Sent from my iPhone using Tapatalk


----------



## Freqman1 (Feb 4, 2020)

Try viewing in a web browser instead of Tapatalk and see what happens--must have been posting at the same time!


----------



## Bectoria (Feb 4, 2020)

Oh wow - didn't expect a reply so quickly!
That's fantastic 
Thank you very much


----------



## Mrcardoc (Feb 4, 2020)

I have two survivors 58 Firestone super cruiser and the ol ladies is a 65 Murray space bike identical to your thunderbird...... other than the ladies frame. 








Sent from my iPhone using Tapatalk


----------



## Bectoria (Feb 4, 2020)

Hopefully if I give mine a bit of TLC it will come out looking as nice as yours


----------



## Mrcardoc (Feb 4, 2020)

Oh yeah that is a really cool survivor. Start with a rust penetrant like wd40. Give her some complete spray downs in a non sunny area. Let it penetrate for a few days. The surface rust should wipe off. It will also penetrate the plastic and recondition it as it becomes brittle over the years. Yours will take little effort to become a nice road worthy cycle. 


Sent from my iPhone using Tapatalk


----------



## Freqman1 (Feb 4, 2020)

" about 8 years after Firestone sold out to monark"? Firestone never produced bicycles so I'm not sure what you are referring to here. V/r Shawn


----------



## Bectoria (Feb 4, 2020)

Thanks so much for your advice, that can be a 'weekend' job


----------



## Mrcardoc (Feb 4, 2020)

Freqman1 said:


> " about 8 years after Firestone sold out to monark"? Firestone never produced bicycles so I'm not sure what you are referring to here. V/r Shawn




Well I beg to differ my friend. The bike in the picture is a 1958 firestone super cruiser. Very short run.........roughly 3 years and they ended up selling to monark. Not many people know but yes they did outsource most of their parts but they were a company badged and stamped as exclusively firestone bicycle company. Hope you learned something new. 

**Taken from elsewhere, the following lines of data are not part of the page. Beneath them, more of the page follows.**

(* Let $G$ be a permutation group on a finite set $\Omega$ of size $t$. If $G$ contains a regular normal subgroup, then $\mathrm{I}(G)\le \log t+1$.
   Context: Logarithms are to base $2$. An irredundant base for $G$ on $\Omega$ is an ordered sequence $[\omega_1,\dots,\omega_k]$ with $G>G_{\omega_1}>G_{\omega_1,\omega_2}>\dots>G_{\omega_1,\dots,\omega_k}=1$, all inclusions strict; $\mathrm{I}(G)$ is the maximum length of an irredundant base. *)

theory Defs
  imports Complex_Main "HOL-Algebra.Bij" "HOL-Algebra.Coset"
begin

definition perm_group :: "'a set \<Rightarrow> ('a \<Rightarrow> 'a) set \<Rightarrow> bool" where
  "perm_group \<Omega> G \<longleftrightarrow> subgroup G (BijGroup \<Omega>)"

definition perm_grp :: "'a set \<Rightarrow> ('a \<Rightarrow> 'a) set \<Rightarrow> ('a \<Rightarrow> 'a) monoid" where
  "perm_grp \<Omega> G = (BijGroup \<Omega>)\<lparr>carrier := G\<rparr>"

definition regular_on :: "'a set \<Rightarrow> ('a \<Rightarrow> 'a) set \<Rightarrow> bool" where
  "regular_on \<Omega> N \<longleftrightarrow> (\<forall>\<alpha>\<in>\<Omega>. \<forall>\<beta>\<in>\<Omega>. \<exists>!g. g \<in> N \<and> g \<alpha> = \<beta>)"

definition pw_stab :: "('a \<Rightarrow> 'a) set \<Rightarrow> 'a list \<Rightarrow> ('a \<Rightarrow> 'a) set" where
  "pw_stab G ws = {g \<in> G. \<forall>w \<in> set ws. g w = w}"

definition irredundant_base :: "'a set \<Rightarrow> ('a \<Rightarrow> 'a) set \<Rightarrow> 'a list \<Rightarrow> bool" where
  "irredundant_base \<Omega> G ws \<longleftrightarrow>
     set ws \<subseteq> \<Omega> \<and>
     (\<forall>i < length ws. pw_stab G (take (Suc i) ws) \<subset> pw_stab G (take i ws)) \<and>
     pw_stab G ws = {\<one>\<^bsub>BijGroup \<Omega>\<^esub>}"

text \<open>I(G): the maximum length of an irredundant base.\<close>
definition max_irredundant_base :: "'a set \<Rightarrow> ('a \<Rightarrow> 'a) set \<Rightarrow> nat" where
  "max_irredundant_base \<Omega> G = Max {length ws | ws. irredundant_base \<Omega> G ws}"

end

theory Submission
  imports Defs
begin

text \<open>Let \<open>N\<close> be regular and normal in \<open>G\<close>, let \<open>\<alpha>\<close> be the first point of an irredundant base
  and let \<open>H \<le> G\<^sub>\<alpha>\<close>. If \<open>n \<in> N\<close> maps \<open>\<alpha>\<close> to a fixed point of \<open>H\<close>, then every conjugate
  \<open>h n h\<^sup>-\<^sup>1\<close> with \<open>h \<in> H\<close> lies in \<open>N\<close> and agrees with \<open>n\<close> at \<open>\<alpha>\<close>, so by regularity \<open>n\<close>
  centralises \<open>H\<close>. Consequently, when the stabiliser chain passes from \<open>H\<close> to \<open>H' < H\<close> by
  fixing a new point \<open>b\<close>, the element of \<open>N\<close> sending \<open>\<alpha>\<close> to \<open>b\<close> maps the fixed points of \<open>H\<close>
  injectively onto fixed points of \<open>H'\<close> that are not fixed by \<open>H\<close>. Hence the number of fixed
  points at least doubles at each step of the chain after the first, and a base of length \<open>k\<close>
  forces \<open>2\<^sup>k\<^sup>-\<^sup>1 \<le> t\<close>.\<close>

definition fixed_points :: "'a set \<Rightarrow> ('a \<Rightarrow> 'a) set \<Rightarrow> 'a set" where
  "fixed_points \<Omega> H = {x \<in> \<Omega>. \<forall>h\<in>H. h x = x}"

lemma fixed_points_antimono: "H' \<subseteq> H \<Longrightarrow> fixed_points \<Omega> H \<subseteq> fixed_points \<Omega> H'"
  by (auto simp: fixed_points_def)

lemma image_fixed_points_subset:
  assumes "n ` \<Omega> \<subseteq> \<Omega>" and "\<And>h x. h \<in> H \<Longrightarrow> x \<in> \<Omega> \<Longrightarrow> h (n x) = n (h x)"
  shows "n ` fixed_points \<Omega> H \<subseteq> fixed_points \<Omega> H"
  using assms by (fastforce simp: fixed_points_def)

lemma card_double_le:
  assumes "finite B" "A \<subseteq> B" "f ` A \<subseteq> B" "f ` A \<inter> A = {}" "inj_on f A"
  shows "2 * card A \<le> card B"
proof -
  have "finite A" using assms(1,2) finite_subset by blast
  then have "card A + card (f ` A) = card (A \<union> f ` A)"
    using assms(4) by (simp add: card_Un_disjoint Int_commute)
  also have "\<dots> \<le> card B" using assms by (intro card_mono) auto
  finally show ?thesis using card_image[OF assms(5)] by simp
qed

lemma pw_stab_subset: "pw_stab G ws \<subseteq> G"
  by (auto simp: pw_stab_def)

lemma pw_stab_snoc: "pw_stab G (ws @ [x]) = pw_stab G ws \<inter> {g. g x = x}"
  by (auto simp: pw_stab_def)

lemma set_subset_fixed_points_pw_stab: "set ws \<subseteq> \<Omega> \<Longrightarrow> set ws \<subseteq> fixed_points \<Omega> (pw_stab G ws)"
  by (auto simp: fixed_points_def pw_stab_def)

lemma pw_stab_snoc_eq_iff:
  "x \<in> \<Omega> \<Longrightarrow> pw_stab G (ws @ [x]) = pw_stab G ws \<longleftrightarrow> x \<in> fixed_points \<Omega> (pw_stab G ws)"
  by (auto simp: pw_stab_snoc fixed_points_def)

lemma pw_stab_all_points:
  assumes "perm_group \<Omega> G" and "set xs = \<Omega>"
  shows "pw_stab G xs = {\<one>\<^bsub>BijGroup \<Omega>\<^esub>}"
proof -
  have sub: "subgroup G (BijGroup \<Omega>)" using assms(1) by (simp add: perm_group_def)
  then have "G \<subseteq> Bij \<Omega>" using subgroup.subset by (fastforce simp: BijGroup_def)
  then have "g = (\<lambda>x\<in>\<Omega>. x)" if "g \<in> pw_stab G xs" for g
    using that assms(2) Bij_imp_extensional
    by (fastforce simp: pw_stab_def fun_eq_iff extensional_def)
  moreover have "(\<lambda>x\<in>\<Omega>. x) \<in> G"
    using subgroup.one_closed[OF sub] by (simp add: BijGroup_def)
  ultimately show ?thesis using assms(2) by (auto simp: pw_stab_def BijGroup_def)
qed

text \<open>Greedy construction: drop each point whose addition does not shrink the stabiliser.\<close>

lemma irredundant_sublist_exists:
  "\<exists>ws. set ws \<subseteq> set xs \<and>
     (\<forall>i < length ws. pw_stab G (take (Suc i) ws) \<subset> pw_stab G (take i ws)) \<and>
     pw_stab G ws = pw_stab G xs"
proof (induction xs rule: rev_induct)
  case Nil
  show ?case by (intro exI[of _ "[]"]) simp
next
  case (snoc x xs)
  then obtain ws where ws: "set ws \<subseteq> set xs"
    "\<forall>i < length ws. pw_stab G (take (Suc i) ws) \<subset> pw_stab G (take i ws)"
    "pw_stab G ws = pw_stab G xs" by blast
  have same_stab: "pw_stab G (ws @ [x]) = pw_stab G (xs @ [x])"
    using ws(3) by (simp add: pw_stab_snoc)
  show ?case
  proof (cases "pw_stab G (ws @ [x]) \<subset> pw_stab G ws")
    case True
    then have "\<forall>i < length (ws @ [x]).
        pw_stab G (take (Suc i) (ws @ [x])) \<subset> pw_stab G (take i (ws @ [x]))"
      using ws(2) by (auto simp: less_Suc_eq)
    then show ?thesis using ws(1) same_stab by (intro exI[of _ "ws @ [x]"]) auto
  next
    case False
    then have "pw_stab G ws = pw_stab G (ws @ [x])" by (auto simp: pw_stab_snoc)
    then show ?thesis using ws same_stab by (intro exI[of _ ws]) auto
  qed
qed

lemma irredundant_base_exists:
  assumes "finite \<Omega>" and "perm_group \<Omega> G"
  shows "\<exists>ws. irredundant_base \<Omega> G ws"
proof -
  obtain xs where xs: "set xs = \<Omega>" using finite_list[OF assms(1)] by blast
  obtain ws where "set ws \<subseteq> set xs"
    and "\<forall>i < length ws. pw_stab G (take (Suc i) ws) \<subset> pw_stab G (take i ws)"
    and "pw_stab G ws = pw_stab G xs"
    using irredundant_sublist_exists[of xs G] by blast
  then have "irredundant_base \<Omega> G ws"
    using xs pw_stab_all_points[OF assms(2) xs] unfolding irredundant_base_def by simp
  then show ?thesis ..
qed

lemma log2_of_nat_nonneg: "0 \<le> log 2 (real t)"
  by (cases "t = 0") (auto simp: log_def)

lemma le_log2_plus_one:
  assumes "2 ^ (k - 1) \<le> t"
  shows "real k \<le> log 2 (real t) + 1"
proof -
  have "(0::nat) < 2 ^ (k - 1)" by simp
  then have "0 < real t" using assms by linarith
  moreover have "2 powr real (k - 1) \<le> real t"
    using assms by (simp add: powr_realpow flip: of_nat_le_iff)
  ultimately have "real (k - 1) \<le> log 2 (real t)" by (simp add: le_log_iff)
  then show ?thesis by linarith
qed

locale regular_normal_perm_group =
  fixes \<Omega> :: "'a set" and G N :: "('a \<Rightarrow> 'a) set"
  assumes perm_group: "perm_group \<Omega> G"
    and normal: "normal N (perm_grp \<Omega> G)"
    and regular: "regular_on \<Omega> N"
begin

lemma subgroup_G: "subgroup G (BijGroup \<Omega>)"
  using perm_group by (simp add: perm_group_def)

lemma G_subset_Bij: "G \<subseteq> Bij \<Omega>"
  using subgroup.subset[OF subgroup_G] by (simp add: BijGroup_def)

lemma subgroup_N: "subgroup N (perm_grp \<Omega> G)"
  using normal by (rule normal_imp_subgroup)

lemma N_subset_G: "N \<subseteq> G"
  using subgroup.subset[OF subgroup_N] by (simp add: perm_grp_def)

lemma bij_betw_G: "h \<in> G \<Longrightarrow> bij_betw h \<Omega> \<Omega>"
  using G_subset_Bij by (auto simp: Bij_def)

lemma bij_betw_N: "n \<in> N \<Longrightarrow> bij_betw n \<Omega> \<Omega>"
  using N_subset_G bij_betw_G by blast

lemma compose_N:
  assumes "n \<in> N" "m \<in> N"
  shows "compose \<Omega> n m \<in> N"
proof -
  have "n \<otimes>\<^bsub>perm_grp \<Omega> G\<^esub> m \<in> N" using subgroup.m_closed[OF subgroup_N] assms by blast
  moreover have "n \<in> Bij \<Omega>" "m \<in> Bij \<Omega>" using assms N_subset_G G_subset_Bij by auto
  ultimately show ?thesis by (simp add: perm_grp_def BijGroup_def)
qed

lemma conjugate_N:
  assumes "h \<in> G" and "n \<in> N"
  shows "compose \<Omega> (compose \<Omega> h n) (restrict (inv_into \<Omega> h) \<Omega>) \<in> N"
proof -
  have grp: "group (perm_grp \<Omega> G)"
    unfolding perm_grp_def using subgroup.subgroup_is_group[OF subgroup_G group_BijGroup] .
  have "h \<otimes>\<^bsub>perm_grp \<Omega> G\<^esub> n \<otimes>\<^bsub>perm_grp \<Omega> G\<^esub> inv\<^bsub>perm_grp \<Omega> G\<^esub> h \<in> N"
    using group.normal_inv_iff[OF grp] normal assms by (auto simp: perm_grp_def)
  moreover have "inv\<^bsub>perm_grp \<Omega> G\<^esub> h = restrict (inv_into \<Omega> h) \<Omega>"
    using group.m_inv_consistent[OF group_BijGroup subgroup_G assms(1)] assms(1) G_subset_Bij
      inv_BijGroup by (auto simp: perm_grp_def)
  moreover have "h \<in> Bij \<Omega>" "n \<in> Bij \<Omega>"
    using assms N_subset_G G_subset_Bij by auto
  ultimately show ?thesis
    by (simp add: perm_grp_def BijGroup_def compose_Bij restrict_inv_into_Bij)
qed

lemma N_transitive: "\<alpha> \<in> \<Omega> \<Longrightarrow> \<beta> \<in> \<Omega> \<Longrightarrow> \<exists>n\<in>N. n \<alpha> = \<beta>"
  using regular unfolding regular_on_def by blast

lemma N_eq_if_agree:
  assumes "n \<in> N" "m \<in> N" "\<alpha> \<in> \<Omega>" "n \<alpha> = m \<alpha>"
  shows "n = m"
proof -
  have "n \<alpha> \<in> \<Omega>" using bij_betw_N[OF assms(1)] assms(3) by (meson bij_betwE)
  then show ?thesis using regular assms unfolding regular_on_def by metis
qed

lemma commute_if_fixes_both:
  assumes n: "n \<in> N" and h: "h \<in> G" and stab: "h \<alpha> = \<alpha>" "h (n \<alpha>) = n \<alpha>"
    and \<alpha>: "\<alpha> \<in> \<Omega>" and x: "x \<in> \<Omega>"
  shows "h (n x) = n (h x)"
proof -
  define m where "m = compose \<Omega> (compose \<Omega> h n) (restrict (inv_into \<Omega> h) \<Omega>)"
  have bij: "bij_betw h \<Omega> \<Omega>" "bij_betw n \<Omega> \<Omega>" using bij_betw_G[OF h] bij_betw_N[OF n] .
  have m_apply: "m y = h (n (inv_into \<Omega> h y))" if "y \<in> \<Omega>" for y
    using that bij by (simp add: m_def compose_def bij_betw_def inv_into_into)
  have "inv_into \<Omega> h \<alpha> = \<alpha>" using stab \<alpha> bij by (metis bij_betw_def inv_into_f_f)
  then have "m \<alpha> = n \<alpha>" using m_apply[OF \<alpha>] stab by simp
  then have "m = n" using N_eq_if_agree conjugate_N[OF h n] n \<alpha> by (simp add: m_def)
  moreover have "h x \<in> \<Omega>" using bij x by (meson bij_betwE)
  ultimately have "n (h x) = h (n (inv_into \<Omega> h (h x)))" using m_apply by metis
  also have "\<dots> = h (n x)" using bij x by (metis bij_betw_def inv_into_f_f)
  finally show ?thesis by simp
qed

lemma commute_if_fixed_point:
  assumes "H \<subseteq> G" "\<alpha> \<in> fixed_points \<Omega> H" "n \<in> N" "n \<alpha> \<in> fixed_points \<Omega> H"
    and "h \<in> H" "x \<in> \<Omega>"
  shows "h (n x) = n (h x)"
  using assms commute_if_fixes_both[of n h \<alpha> x] by (auto simp: fixed_points_def)

text \<open>If \<open>x\<close> and \<open>n x\<close> were both fixed by \<open>H\<close>, write \<open>x = c \<alpha>\<close> with \<open>c \<in> N\<close>: then \<open>c\<close> and
  \<open>n \<circ> c\<close> centralise \<open>H\<close>, hence so does \<open>n\<close>, which would then fix \<open>n \<alpha>\<close> under \<open>H\<close>.\<close>

lemma image_fixed_points_disjoint:
  assumes H: "H \<subseteq> G" and \<alpha>: "\<alpha> \<in> fixed_points \<Omega> H" and n: "n \<in> N"
    and b: "n \<alpha> \<notin> fixed_points \<Omega> H"
  shows "n ` fixed_points \<Omega> H \<inter> fixed_points \<Omega> H = {}"
proof (rule ccontr)
  assume "n ` fixed_points \<Omega> H \<inter> fixed_points \<Omega> H \<noteq> {}"
  then obtain x where x: "x \<in> fixed_points \<Omega> H" "n x \<in> fixed_points \<Omega> H" by blast
  have \<alpha>\<Omega>: "\<alpha> \<in> \<Omega>" using \<alpha> by (simp add: fixed_points_def)
  obtain c where c: "c \<in> N" "c \<alpha> = x"
    using N_transitive[OF \<alpha>\<Omega>] x(1) by (auto simp: fixed_points_def)
  define m where "m = compose \<Omega> n c"
  have m: "m \<in> N" "m \<alpha> = n x" using compose_N[OF n c(1)] \<alpha>\<Omega> c(2) by (auto simp: m_def compose_def)
  obtain y where y: "y \<in> \<Omega>" "c y = \<alpha>"
    using bij_betw_imp_surj_on[OF bij_betw_N[OF c(1)]] \<alpha>\<Omega> by (metis imageE)
  have "h (n \<alpha>) = n \<alpha>" if h: "h \<in> H" for h
  proof -
    have hy: "h y \<in> \<Omega>" using bij_betw_G h H y(1) by (meson bij_betwE subsetD)
    have "h (n \<alpha>) = h (m y)" using y by (simp add: m_def compose_def)
    also have "\<dots> = m (h y)" using commute_if_fixed_point[OF H \<alpha> m(1)] m(2) x(2) h y(1) by simp
    also have "\<dots> = n (h (c y))"
      using commute_if_fixed_point[OF H \<alpha> c(1)] c(2) x(1) h y(1) hy by (simp add: m_def compose_def)
    also have "\<dots> = n \<alpha>" using y(2) \<alpha> h by (auto simp: fixed_points_def)
    finally show ?thesis .
  qed
  moreover have "n \<alpha> \<in> \<Omega>" using bij_betw_N[OF n] \<alpha>\<Omega> by (meson bij_betwE)
  ultimately show False using b by (simp add: fixed_points_def)
qed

Sent from my iPhone using Tapatalk


----------



## SteveF (Feb 4, 2020)

Mrcardoc said:


> Well I beg to differ my friend. The bike in the picture is a 1958 firestone super cruiser. Very short run.........roughly 3 years and they ended up selling to monark. Not many people know but yes they did outsource most of their parts but they were a company badged and stamped as exclusively firestone bicycle company. Hope you learned something new.
> 
> 
> Sent from my iPhone using Tapatalk



Sounds like you might already know everything you need to know but I'm pretty sure what you have there is a bike built by monark for Firestone.


----------



## Freqman1 (Feb 4, 2020)

Mrcardoc said:


> Well I beg to differ my friend. The bike in the picture is a 1958 firestone super cruiser. Very short run.........roughly 3 years and they ended up selling to monark. Not many people know but yes they did outsource most of their parts but they were a company badged and stamped as exclusively firestone bicycle company. Hope you learned something new.
> 
> 
> Sent from my iPhone using Tapatalk



You're funny. The bike that starts this thread is a Huffman built bike. Firestone never produced their own bikes but bought bikes from Huffman, Colson, Monark, and others under contract to sell in their tire stores just like Goodyear and BF Goodrich. The bike you show above as a '58 seems to be earlier to me and the serial number would confirm this--I'm guessing '53ish. Not sure where you are getting your info but someone has steered you wrong. V/r Shawn @partsguy @Oilit @Adamtinkerer


----------



## Sandman (Feb 4, 2020)

This is my 1950 Monark built Firestone with the original owner . His grandmother bought it for his 14th birthday .


----------



## Mrcardoc (Feb 4, 2020)

Good luck with your bike....... they are cool and old. I guess the bicycle gods have spoken. The day you know everything is the day you become stupid.......... there were so many different companies making parts for each other back then. My bikes are survivor bikes within my family both badged and stamped accordingy. No matter what you got yourself a piece of history. Totally cool!!!!!!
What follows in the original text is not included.